Ecclesiastes 1:2 says, “Vanity of vanities, says the Preacher, vanity of vanities! All is vanity.” There has been numerous attempts to explain that idea of “vanity of vanities” in more modern language. Some use the word “meaningless.” Everything in life under the sun is meaningless. The New International Version translates this as “meaningless, meaningless! Utterly meaningless!” Some use the idea of “empty.” Everything we do in this life is really empty of true value and meaning. Kansas, the old rock group from the 70’s, expressed a similar idea when they sang that all we are is “dust in the wind.” The “teacher” in Ecclesiastes is going to talk about his great accomplishments, his great wealth, his indulgence in sexual pleasure, his power over others, and possessions of every imaginable kind. These things are vanities. They are “meaningless.” They are “empty.” Those terms are all helpful but they miss the idea of the deceitfulness of these things. I like the idea of “smoke and mirrors.”

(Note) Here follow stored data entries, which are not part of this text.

(* Let $S$ be an additively reduced semidomain and $G$ a torsion-free abelian group. Let $f=\sum_{i=0}^n s_ix^{g_i}\in S[G]$ with $g_0>g_1>\dots>g_n$ and $s_i\in S\setminus\{0\}$. Then: (1) if $|\operatorname{supp}(f)|\ge2$ and $2g_1<g_0+g_n$, then $f$ is monolithic; (2) if $|\operatorname{supp}(f)|>3$ and $2g_1\le g_0+g_n$, then $f$ is monolithic.
   Context: A semidomain is a subsemiring (containing $0$ and $1$) of an integral domain. $S$ is additively reduced if $0$ is the only invertible element of $(S,+)$. $G$ carries a fixed total order compatible with addition. $S[G]$ is the semidomain of formal finite sums $\sum_{g\in G}s_gx^g$ with polynomial operations; $\operatorname{supp}(f)$ is the set of exponents with nonzero coefficient. A nonzero $f\in S[G]$ is monolithic if whenever $f=pq$ with $p,q\in S[G]$, one of $p,q$ is a monomial $sx^g$. *)

theory Defs
  imports "HOL-Library.Poly_Mapping"
begin

definition semidomain :: "'a::idom set \<Rightarrow> bool" where
  "semidomain S \<longleftrightarrow> 0 \<in> S \<and> 1 \<in> S \<and> (\<forall>a\<in>S. \<forall>b\<in>S. a + b \<in> S \<and> a * b \<in> S)"

definition additively_reduced :: "'a::idom set \<Rightarrow> bool" where
  "additively_reduced S \<longleftrightarrow> (\<forall>a\<in>S. (\<exists>b\<in>S. a + b = 0) \<longrightarrow> a = 0)"

text \<open>The semigroup semiring S[G], viewed inside the group ring of G over the ambient domain:
  finitely supported functions G \<rightarrow> R with all coefficients in S; multiplication is convolution.\<close>
definition group_semiring :: "'a::idom set \<Rightarrow> ('g::linordered_ab_group_add \<Rightarrow>\<^sub>0 'a) set" where
  "group_semiring S = {f. \<forall>g. Poly_Mapping.lookup f g \<in> S}"

definition is_monomial :: "('g::linordered_ab_group_add \<Rightarrow>\<^sub>0 'a::idom) \<Rightarrow> bool" where
  "is_monomial p \<longleftrightarrow> (\<exists>s g. p = Poly_Mapping.single g s)"

definition monolithic :: "'a::idom set \<Rightarrow> ('g::linordered_ab_group_add \<Rightarrow>\<^sub>0 'a) \<Rightarrow> bool" where
  "monolithic S f \<longleftrightarrow> f \<in> group_semiring S \<and> f \<noteq> 0 \<and>
     (\<forall>p\<in>group_semiring S. \<forall>q\<in>group_semiring S. f = p * q \<longrightarrow> is_monomial p \<or> is_monomial q)"

end

theory Submission imports Defs begin

text \<open>Because S is additively reduced, a sum of elements of S vanishes only if every summand
  does, so nothing cancels in a product p q over S and the support of p q is the sumset of the
  supports of p and q. Suppose neither factor is a monomial; let a0 > a1 be the two largest and a'
  the smallest exponent of p, and b0 > b1, b' likewise for q. Then g0 = a0 + b0, gn = a' + b', and
  a1 + b0, a0 + b1 are exponents of f other than g0, hence at most g1. Therefore
  g0 + gn = (a0 + b') + (a' + b0) \<le> (a0 + b1) + (a1 + b0) \<le> 2 g1, and equality forces p and q to
  be binomials with a0 + b1 = a1 + b0, so that f has at most three terms.\<close>

lemma semidomain_sum_closed:
  assumes "semidomain S" "\<And>x. x \<in> F \<Longrightarrow> t x \<in> S"
  shows "sum t F \<in> S"
  using assms(2)
  by (induction F rule: infinite_finite_induct) (use assms(1) in \<open>auto simp: semidomain_def\<close>)

lemma additively_reduced_sum_nonzero:
  assumes "semidomain S" "additively_reduced S" "finite F" "\<And>x. x \<in> F \<Longrightarrow> t x \<in> S"
    and "y \<in> F" "t y \<noteq> 0"
  shows "sum t F \<noteq> 0"
proof
  assume "sum t F = 0"
  moreover have "sum t F = t y + sum t (F - {y})"
    using assms(3,5) by (simp add: sum.remove)
  moreover have "sum t (F - {y}) \<in> S"
    by (rule semidomain_sum_closed[OF assms(1)]) (simp add: assms(4))
  ultimately show False
    using assms(2,4,5,6) unfolding additively_reduced_def by metis
qed

lemma add_mono_eq_imp_eq:
  fixes x y :: "'a::ordered_cancel_ab_semigroup_add"
  assumes "x \<le> x'" "y \<le> y'" "x + y = x' + y'"
  shows "x = x'" "y = y'"
  using add_less_le_mono[of x x' y y'] add_le_less_mono[of x x' y y'] assms
  by (auto simp: le_less)
(* Since v > 0, the limit a0 satisfies a0 > -v or a0 < v. Take Phi = s + r where r >= 0 and
   Phi = s + 2r where r <= 0 in the first case, Phi = s - 2r resp. s - r in the second. On each
   side of the line r = 0, Phi solves a scalar linear equation Phi' = k Phi, with k = -(v + a/2)
   resp. -(v + a) in the first case and k = a - v resp. a/2 - v in the second, so k < 0 near
   -infinity. Phi need not be differentiable where r changes sign, but either branch shows that
   |Phi z| exp (-L z) strictly increases leftwards near every point where k < L, and a maximum
   argument turns this into a Gronwall estimate on intervals. Taking L = 0 far to the left and
   using Phi -> 0 at -infinity, Phi vanishes there, hence everywhere. So s is determined by r on
   each side and |s| <= 2|r|; then |r'| <= C |r| locally, so r either has no zero or vanishes
   identically, and the latter would make the solution constant. *)

lemma le_left_endpoint_if_eventually_gt_at_left:
  fixes g :: "real \<Rightarrow> real"
  assumes cont: "continuous_on {lo..hi} g" and "lo \<le> hi" and "0 < g hi"
    and left: "\<And>x. lo < x \<Longrightarrow> x \<le> hi \<Longrightarrow> 0 < g x \<Longrightarrow> eventually (\<lambda>z. g x < g z) (at_left x)"
  shows "g hi \<le> g lo"
proof -
  obtain t where t: "t \<in> {lo..hi}" and max: "\<And>y. y \<in> {lo..hi} \<Longrightarrow> g y \<le> g t"
    using continuous_attains_sup[OF compact_Icc _ cont] \<open>lo \<le> hi\<close> by auto
  have "t = lo"
  proof (rule ccontr)
    assume "t \<noteq> lo"
    with t have "lo < t" by simp
    have "0 < g t" using max[of hi] \<open>0 < g hi\<close> \<open>lo \<le> hi\<close> by simp
    then have "eventually (\<lambda>z. g t < g z \<and> z \<in> {lo<..<t}) (at_left t)"
      using left[OF \<open>lo < t\<close>] t eventually_at_left_real[OF \<open>lo < t\<close>] by (auto intro: eventually_conj)
    then obtain z where "g t < g z" "z \<in> {lo<..<t}"
      using eventually_happens'[OF trivial_limit_at_left_real] by blast
    then show False using max[of z] t by auto
  qed
  then show ?thesis using max[of hi] \<open>lo \<le> hi\<close> by simp
qed

lemma eventually_weighted_abs_gt_at_left:
  fixes F :: "real \<Rightarrow> real"
  assumes F': "(F has_real_derivative k * F x) (at x)" and "k < L" and "F x \<noteq> 0"
  shows "eventually (\<lambda>z. \<bar>F x\<bar> * exp (- L * x) < \<bar>F z\<bar> * exp (- L * z)) (at_left x)"
proof -
  define H where "H z = sgn (F x) * F z * exp (- L * z)" for z
  have H_x: "H x = \<bar>F x\<bar> * exp (- L * x)"
    by (simp add: H_def abs_sgn mult.commute)
  have H_le: "H z \<le> \<bar>F z\<bar> * exp (- L * z)" for z
    by (cases "F x > 0") (auto simp: H_def sgn_real_def)
  have "(H has_real_derivative (k - L) * H x) (at x)"
    unfolding H_def by (auto intro!: derivative_eq_intros F' simp: algebra_simps)
  moreover have "(k - L) * H x < 0"
    using assms by (simp add: H_x mult_neg_pos)
  ultimately obtain d where "d > 0" and dec: "\<And>h. 0 < h \<Longrightarrow> h < d \<Longrightarrow> H x < H (x - h)"
    using DERIV_neg_dec_left by blast
  then have "eventually (\<lambda>z. H x < H z) (at_left x)"
    unfolding eventually_at_left_field by (intro exI[of _ "x - d"]) (use \<open>d > 0\<close> dec[of "x - _"] in auto)
  then show ?thesis
    by eventually_elim (use H_x H_le in \<open>smt (verit)\<close>)
qed
theorem lemma2:
  fixes N :: nat and \<alpha> \<beta> :: "nat \<Rightarrow> real" and p :: "nat \<Rightarrow> nat pmf"
    and Fb :: "nat \<Rightarrow> nat \<Rightarrow> real \<Rightarrow> real" and lam :: real
  assumes beta_pos: "\<And>k. k \<in> {1..N} \<Longrightarrow> \<beta> k > 0"
    and alpha: "\<And>k. k \<in> {1..N} \<Longrightarrow> 0 \<le> \<alpha> k \<and> \<alpha> k < 1"
    and mean_fin: "\<And>k. k \<in> {1..N} \<Longrightarrow> integrable (measure_pmf (p k)) real"
    and Fb_df: "\<And>i j. i \<in> {1..N} \<Longrightarrow> j \<in> {1..N} \<Longrightarrow> improper_df (Fb i j)"
    and lam: "lam \<ge> 0"
  shows "det (IminusH N \<alpha> \<beta> p Fb lam) = det (IminusD N \<alpha> \<beta> p Fb lam)
    \<and> (\<forall>j\<in>{1..N}. \<forall>k\<in>{1..N}.
         det (mat_delete (IminusH N \<alpha> \<beta> p Fb lam) (j - 1) (k - 1))
       = det (mat_delete (IminusD N \<alpha> \<beta> p Fb lam) (j - 1) (k - 1)))
    \<and> (\<forall>j\<in>{1..N}. \<forall>k\<in>{1..N}. \<forall>i\<in>{1..card (Kset N Fb j)}.
         (-1) ^ (Lidx N Fb j + i + k)
           * det (mat_delete (IminusH N \<alpha> \<beta> p Fb lam) (Lidx N Fb j + i - 1) (k - 1))
       = (-1) ^ (j + k) * Ment N \<alpha> p Fb j (Lidx N Fb j + i) * Gexp_star \<beta> j lam
           * det (mat_delete (IminusD N \<alpha> \<beta> p Fb lam) (j - 1) (k - 1)))"
proof (intro conjI ballI)
  let ?X = "IminusH N \<alpha> \<beta> p Fb lam" and ?Y = "IminusD N \<alpha> \<beta> p Fb lam"
  show "det ?X = det ?Y"
    by (rule det_IminusH[OF Fb_df lam])
  fix j k assume j: "j \<in> {1..N}" and k: "k \<in> {1..N}"
  have cof: "cofactor ?X (j - 1) (k - 1) = cofactor ?Y (j - 1) (k - 1)"
    using cofactor_IminusH[OF Fb_df lam] j k by auto
  then show "det (mat_delete ?X (j - 1) (k - 1)) = det (mat_delete ?Y (j - 1) (k - 1))"
    using cofactor_pred_pred[of j k ?X] cofactor_pred_pred[of j k ?Y] j k by simp
  fix i assume i: "i \<in> {1..card (Kset N Fb j)}"
  have "isL N Fb (Lidx N Fb j + i - 1 + 1) j i"
    using j i by (auto simp: isL_def)
  from cofactor_IminusH_isL[OF this k, of \<alpha> \<beta> p lam]
  have "cofactor ?X (Lidx N Fb j + i - 1) (k - 1)
      = Gexp_star \<beta> j lam * Ment N \<alpha> p Fb j (Lidx N Fb j + i) * cofactor ?Y (j - 1) (k - 1)"
    using cof i by simp
  then show "(-1) ^ (Lidx N Fb j + i + k) * det (mat_delete ?X (Lidx N Fb j + i - 1) (k - 1))
      = (-1) ^ (j + k) * Ment N \<alpha> p Fb j (Lidx N Fb j + i) * Gexp_star \<beta> j lam
        * det (mat_delete ?Y (j - 1) (k - 1))"
    using cofactor_pred_pred[of "Lidx N Fb j + i" k ?X] cofactor_pred_pred[of j k ?Y] i j k
    by (simp add: ac_simps)
qed

end
section \<open>Alternating binomial sums\<close>

lemma sum_binomial_Suc_split:
  "(\<Sum>j\<le>Suc L. of_nat (Suc L choose j) * g j) =
   (\<Sum>j\<le>L. of_nat (L choose j) * g j) + (\<Sum>j\<le>L. of_nat (L choose j) * (g (Suc j) :: 'a::comm_ring_1))"
proof -
  have "(\<Sum>j\<le>Suc L. of_nat (Suc L choose j) * g j)
      = g 0 + (\<Sum>j\<le>L. of_nat (L choose Suc j) * g (Suc j)) + (\<Sum>j\<le>L. of_nat (L choose j) * g (Suc j))"
    unfolding sum.atMost_Suc_shift by (simp add: sum.distrib algebra_simps)
  also have "g 0 + (\<Sum>j\<le>L. of_nat (L choose Suc j) * g (Suc j)) = (\<Sum>j\<le>Suc L. of_nat (L choose j) * g j)"
    unfolding sum.atMost_Suc_shift by simp
  also have "\<dots> = (\<Sum>j\<le>L. of_nat (L choose j) * g j)"
    by (simp add: sum.atMost_Suc binomial_eq_0)
  finally show ?thesis .
qed

lemma gchoose_finite_difference:
  "(\<Sum>j\<le>L. of_nat (L choose j) * ((-1) ^ j * ((x + of_nat j) gchoose k))) =
   (if L \<le> k then (-1) ^ L * (x gchoose (k - L)) else (0::'k::field_char_0))"
proof (induct L arbitrary: x)
  case (Suc L)
  have "(\<Sum>j\<le>Suc L. of_nat (Suc L choose j) * ((-1) ^ j * ((x + of_nat j) gchoose k)))
     = (\<Sum>j\<le>L. of_nat (L choose j) * ((-1) ^ j * ((x + of_nat j) gchoose k)))
       - (\<Sum>j\<le>L. of_nat (L choose j) * ((-1) ^ j * (((x + 1) + of_nat j) gchoose k)))"
    unfolding sum_binomial_Suc_split by (simp add: sum_negf[symmetric] add_ac)
  also have "\<dots> = (if L \<le> k then (-1) ^ L * (x gchoose (k - L)) else 0)
      - (if L \<le> k then (-1) ^ L * ((x + 1) gchoose (k - L)) else 0)"
    by (simp only: Suc)
  also have "\<dots> = (if Suc L \<le> k then (-1) ^ Suc L * (x gchoose (k - Suc L)) else 0)"
  proof (cases "Suc L \<le> k")
    case True
    then obtain t where t: "k - L = Suc t" "k - Suc L = t"
      by (metis Suc_diff_Suc Suc_le_lessD diff_Suc_1)
    then show ?thesis
      using True gbinomial_Suc_Suc[of x t] by (simp add: algebra_simps)
  qed (cases "L = k"; simp)
  finally show ?case .
qed simp

lemma binomial_mult_swap:
  assumes "j \<le> K"
  shows "(K choose j) * ((K - j) choose a) = (K choose a) * ((K - a) choose j)"
proof (cases "a + j \<le> K")
  case True
  then have "(K choose (K - j)) * ((K - j) choose a) = (K choose a) * ((K - a) choose (K - j - a))"
    by (intro choose_mult) auto
  moreover have "K choose (K - j) = K choose j" "(K - a) choose (K - j - a) = (K - a) choose j"
    using True assms binomial_symmetric[of j K] binomial_symmetric[of j "K - a"] by (simp_all add: add.commute)
  ultimately show ?thesis by simp
qed (use assms in \<open>auto simp: binomial_eq_0\<close>)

One article on the internet describes the phrase as I understand it. It says, “Smoke and mirrors exploits errors in human perception and the psychology of misdirection to create compelling illusions for large audiences.” The teacher in the book of Ecclesiastes is going to go to great lengths to expose the draw of wealth upon our lives as nothing more than smoke and mirrors. Wealth, riches,  promise some kind of satisfaction or reward but do not deliver on what seems to be promised. Then the teacher tackles the other “smoke and mirror” issues of life; great accomplishments, many possessions, vast pleasures, much power over others as well as great wealth. All of these things are nothing but “smoke and mirrors.”

Money and riches is what life is all about, isn’t it?  In an article on the deceitfulness of riches, Reagan Rose explains how money is really nothing more than smoke and mirrors. He says, “The first lie money tells is that it is the goal of life. This one seems so obvious on the surface that we might assume it is easily avoidable. But the world screams this philosophy in our faces daily. Every commercial, every celebrity, every new car our neighbor purchases, dangles that carrot of ‘Success’ before our eyes. If we don’t watch carefully, before we know it we may find our days consumed with doing whatever it takes to get that next raise, with comparing ourselves to others, and with constantly asking ourselves ‘have I made it?’” Jesus, the greatest teacher of all, asks us another more important question. In Matthew 16:26, he asks, “For what will it profit a man if he gains the whole world and forfeits his soul?” (Matt 16:26). Money is not the goal of life!